YOUR TASK: An exact repetition of the records is required. Leave nothing out.

SUPPLIED ENTRIES:
lemma integrable_Kstar_shift_diff:
  assumes "0 \<le> u" "u \<le> y" "0 \<le> v" "v \<le> y"
  shows "integrable mu (\<lambda>a. Kstar \<alpha> (y - u + a) - Kstar \<alpha> (y - v + a))"
  using integrable_Kstar_shift[of u y] integrable_Kstar_shift[of v y] assms by simp

text \<open>Below 2\<alpha>, raising the rate costs less in u^2/2 than it saves in E K*, because K*' \<ge> 2\<alpha>.\<close>

lemma bellman_obj_strict_decreasing:
  assumes u: "0 \<le> u" "u < v" and v: "v \<le> y" "v \<le> 2*\<alpha>"
  shows "bellman_obj mu y v < bellman_obj mu y u"
proof -
  have "AE a in mu. 2*\<alpha>*(v - u) \<le> Kstar \<alpha> (y - u + a) - Kstar \<alpha> (y - v + a)"
    using nonneg
  proof eventually_elim
    case (elim a)
    have s: "0 \<le> y - v + a" and t: "0 \<le> y - u + a" using elim u v by auto
    have "2*\<alpha>*(v - u) \<le> Kstar_deriv \<alpha> (y - v + a) * (v - u)"
      using Kstar_deriv_ge[OF s] u by (intro mult_right_mono) auto
    also have "\<dots> \<le> Kstar \<alpha> (y - u + a) - Kstar \<alpha> (y - v + a)"
      using Kstar_above_tangent[OF s t, of \<alpha>] by simp
    finally show ?case .
  qed
  hence "(\<integral>a. 2*\<alpha>*(v - u) \<partial>mu) \<le> (\<integral>a. Kstar \<alpha> (y - u + a) - Kstar \<alpha> (y - v + a) \<partial>mu)"
    using u v by (intro integral_mono_AE integrable_Kstar_shift_diff) auto
  hence "2*\<alpha>*(v - u) \<le> (\<integral>a. Kstar \<alpha> (y - u + a) - Kstar \<alpha> (y - v + a) \<partial>mu)"
    by (simp add: prob_space)
  moreover have "0 < (v - u) * (2*\<alpha> - (u + v)/2)" using u v by (intro mult_pos_pos) auto
  moreover have "(v - u) * (2*\<alpha> - (u + v)/2) = (u\<^sup>2 - v\<^sup>2)/2 + 2*\<alpha>*(v - u)"
    by (simp add: power2_eq_square field_simps)
  ultimately show ?thesis
    using bellman_obj_diff[of u y v] u v by linarith
qed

TASK RESULT:
lemma integrable_Kstar_shift_diff:
  assumes "0 \<le> u" "u \<le> y" "0 \<le> v" "v \<le> y"
  shows "integrable mu (\<lambda>a. Kstar \<alpha> (y - u + a) - Kstar \<alpha> (y - v + a))"
  using integrable_Kstar_shift[of u y] integrable_Kstar_shift[of v y] assms by simp

text \<open>Below 2\<alpha>, raising the rate costs less in u^2/2 than it saves in E K*, because K*' \<ge> 2\<alpha>.\<close>

lemma bellman_obj_strict_decreasing:
  assumes u: "0 \<le> u" "u < v" and v: "v \<le> y" "v \<le> 2*\<alpha>"
  shows "bellman_obj mu y v < bellman_obj mu y u"
proof -
  have "AE a in mu. 2*\<alpha>*(v - u) \<le> Kstar \<alpha> (y - u + a) - Kstar \<alpha> (y - v + a)"
    using nonneg
  proof eventually_elim
    case (elim a)
    have s: "0 \<le> y - v + a" and t: "0 \<le> y - u + a" using elim u v by auto
    have "2*\<alpha>*(v - u) \<le> Kstar_deriv \<alpha> (y - v + a) * (v - u)"
      using Kstar_deriv_ge[OF s] u by (intro mult_right_mono) auto
    also have "\<dots> \<le> Kstar \<alpha> (y - u + a) - Kstar \<alpha> (y - v + a)"
      using Kstar_above_tangent[OF s t, of \<alpha>] by simp
    finally show ?case .
  qed
  hence "(\<integral>a. 2*\<alpha>*(v - u) \<partial>mu) \<le> (\<integral>a. Kstar \<alpha> (y - u + a) - Kstar \<alpha> (y - v + a) \<partial>mu)"
    using u v by (intro integral_mono_AE integrable_Kstar_shift_diff) auto
  hence "2*\<alpha>*(v - u) \<le> (\<integral>a. Kstar \<alpha> (y - u + a) - Kstar \<alpha> (y - v + a) \<partial>mu)"
    by (simp add: prob_space)
  moreover have "0 < (v - u) * (2*\<alpha> - (u + v)/2)" using u v by (intro mult_pos_pos) auto
  moreover have "(v - u) * (2*\<alpha> - (u + v)/2) = (u\<^sup>2 - v\<^sup>2)/2 + 2*\<alpha>*(v - u)"
    by (simp add: power2_eq_square field_simps)
  ultimately show ?thesis
    using bellman_obj_diff[of u y v] u v by linarith
qed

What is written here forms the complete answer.